The man behind these tableaux is Gregory Crewdson, a master photographer born in Brooklyn. Crewdson experimented with photography in college not taking it seriously, he saw it as a creative out let and hobby. He attended Yale University receiving his Master of Fine Arts. His senior thesis embodied everyday life through portraiture of Lee, Massachusetts residents, the same location that inspired his first series Natural Wonder (1992-1997).
Dramatic and cinematic photographs that usually take place in small-town America often featuring disturbing and surreal events, his pictures are thus elaborately staged and lit. The number of people working on the set is similar to the number of people working on a movie set, about 40. Indeed, the scenes are complex intended to explore the everyday drama of an ordinary American man.
Crewdson said that he is interested in everything is inexplicable that means finding an unexpected mystery in everyday life. For this reason, the setting of his pictures must appear familiar, as well as the costumes, the furniture, and the subjects. Then, it is the light and colour that give the scene another atmosphere, they charge it with something more.
The themes he touches are human connection and separation, intimacy and isolation echoing both for themes and narrative style painter Edward Hopper and the American literature of Raymond Carver. Hollywood has also influenced the photographer, his shots are like freeze-frame of Hollywood films, a connection underlined by actors like Gwyneth Paltrow, Julian Moore and Tilda Swinton, as well, that Crewdson chose as actors of his tableaux in the microcosm of anonymous suburbs.

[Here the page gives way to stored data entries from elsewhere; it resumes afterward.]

lemma scong_cfgtyp: "scong C D \<Longrightarrow> cfgtyp \<Gamma> \<Delta> C \<longleftrightarrow> cfgtyp \<Gamma> \<Delta> D"
proof (induct arbitrary: \<Gamma> \<Delta> rule: scong.induct)
  case (S_NuCtx C D a)
  then show ?case by (simp only: cfgtyp_Nu_iff)
next
  case (S_comm C D)
  then show ?case by (auto simp: cfgtyp_Par_iff) (metis inf_commute map_add_comm)+
next
  case (S_assoc C D E)
  show ?case
  proof
    assume "cfgtyp \<Gamma> \<Delta> (Par C (Par D E))"
    then obtain d1 d2 d3 where "\<Delta> = d1 ++ (d2 ++ d3)" "dom d1 \<inter> (dom d2 \<union> dom d3) = {}"
      "dom d2 \<inter> dom d3 = {}" "cfgtyp \<Gamma> d1 C" "cfgtyp \<Gamma> d2 D" "cfgtyp \<Gamma> d3 E"
      by (force simp: cfgtyp_Par_iff Int_Un_distrib Int_Un_distrib2)
    then show "cfgtyp \<Gamma> \<Delta> (Par (Par C D) E)"
      using cfgtyp.T_Par[OF cfgtyp.T_Par[of \<Gamma> d1 C d2 D], of d3 E] by auto
  next
    assume "cfgtyp \<Gamma> \<Delta> (Par (Par C D) E)"
    then obtain d1 d2 d3 where "\<Delta> = (d1 ++ d2) ++ d3" "(dom d1 \<union> dom d2) \<inter> dom d3 = {}"
      "dom d1 \<inter> dom d2 = {}" "cfgtyp \<Gamma> d1 C" "cfgtyp \<Gamma> d2 D" "cfgtyp \<Gamma> d3 E"
      by (force simp: cfgtyp_Par_iff Int_Un_distrib Int_Un_distrib2)
    then show "cfgtyp \<Gamma> \<Delta> (Par C (Par D E))"
      using cfgtyp.T_Par[of \<Gamma> d1 C "d2 ++ d3" "Par D E", OF _ cfgtyp.T_Par[of \<Gamma> d2 D d3 E]]
      by auto
  qed
next
  case (S_extr a C D)
  then show ?case by (rule cfgtyp_extrusion_iff)
next
  case (S_alpha b a C)
  then show ?case by (rule cfgtyp_Nu_swap_iff)
qed (auto simp: cfgtyp_Par_iff)

section \<open>Progress for computations\<close>

lemma vtyp_TFun_Lam: "vtyp \<Gamma> V (TFun A C B) \<Longrightarrow> ran \<Gamma> \<subseteq> range ActorRef \<Longrightarrow> \<exists>M. V = Lam M"
  by (cases rule: vtyp.cases) (auto simp: ran_def)

lemma vtyp_ActorRef_FVar: "vtyp \<Gamma> V (ActorRef A) \<Longrightarrow> \<exists>b. V = FVar b \<and> b \<in> dom \<Gamma>"
  by (cases rule: vtyp.cases) auto

definition effect_redex :: "(atom \<rightharpoonup> ty) \<Rightarrow> comp \<Rightarrow> bool" where
  "effect_redex \<Gamma> P \<longleftrightarrow> P = Receive \<or> P = Self \<or> (\<exists>N. P = Spawn N)
     \<or> (\<exists>V b. P = Send V (FVar b) \<and> b \<in> dom \<Gamma>)"

lemma ctyp_progress:
  assumes "ctyp \<Gamma> C M T" and "ran \<Gamma> \<subseteq> range ActorRef"
  shows "(\<exists>W. M = Return W) \<or> (\<exists>M'. mred M M') \<or> (\<exists>E P. M = plug E P \<and> effect_redex \<Gamma> P)"
  using assms
proof (induct rule: vtyp_ctyp.inducts(2)[where ?P1.0 = "\<lambda>_ _ _. True"])
  case (T_App \<Gamma> V A C B W)
  then obtain N where "V = Lam N" using vtyp_TFun_Lam by blast
  then show ?case using mred.M_Beta by blast
next
  case (T_Let \<Gamma> C M A L N B)
  have "Let M N = plug (ELet Hole N) M" and "\<And>E P. Let (plug E P) N = plug (ELet E N) P"
    by simp_all
  with T_Let(2)[OF T_Let.prems] show ?case
    by (metis mred.M_Ctx mred.M_Let)
next
  case (T_Send \<Gamma> V A W C)
  then obtain b where "W = FVar b" "b \<in> dom \<Gamma>" using vtyp_ActorRef_FVar by blast
  then show ?case by (metis effect_redex_def plug.simps(1))
qed (auto simp: effect_redex_def, (metis plug.simps(1))+)

section \<open>Reducibility of parallel actors\<close>

definition reducible :: "conf \<Rightarrow> bool" where
  "reducible C \<longleftrightarrow> (\<exists>C'. red C C')"

lemma reducible_scong: "scong C D \<Longrightarrow> reducible D \<Longrightarrow> reducible C"
  unfolding reducible_def using R_Cong[OF _ _ S_refl] by blast

lemma reducible_Par: "reducible C \<Longrightarrow> reducible (Par C D)"
  unfolding reducible_def using R_ParCtx by blast

lemma reducible_nu_list: "reducible C \<Longrightarrow> reducible (nu_list as C)"
  unfolding reducible_def by (induct as) (auto intro: R_NuCtx)

declare S_trans [trans]

lemma scong_Par_right: "scong C D \<Longrightarrow> scong (Par E C) (Par E D)"
proof -
  assume "scong C D"
  have "scong (Par E C) (Par C E)" by (rule S_comm)
  also have "scong \<dots> (Par D E)" using \<open>scong C D\<close> by (rule S_ParCtx)
  also have "scong \<dots> (Par E D)" by (rule S_comm)
  finally show ?thesis .
qed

In the deep forests of Becket, in western Massachusetts, the artist has recently found a new inspiration and created his latest series Cathedral of the Pines. Reminiscences of his childhood, his family once had a log cabin there, and a shift into something new. Crewdson has always used small-town America in his photographs, but here he has shifted into a more remote and more isolated countryside, and for the first time in Crewdson’s work featuring friends and family.
These theatrical, high budget shots are curated in each small detail, very close to be perfect, but as Crewdson said: “My pictures are in the intersection of wanting to create a perfect work and the impossibility of doing so”.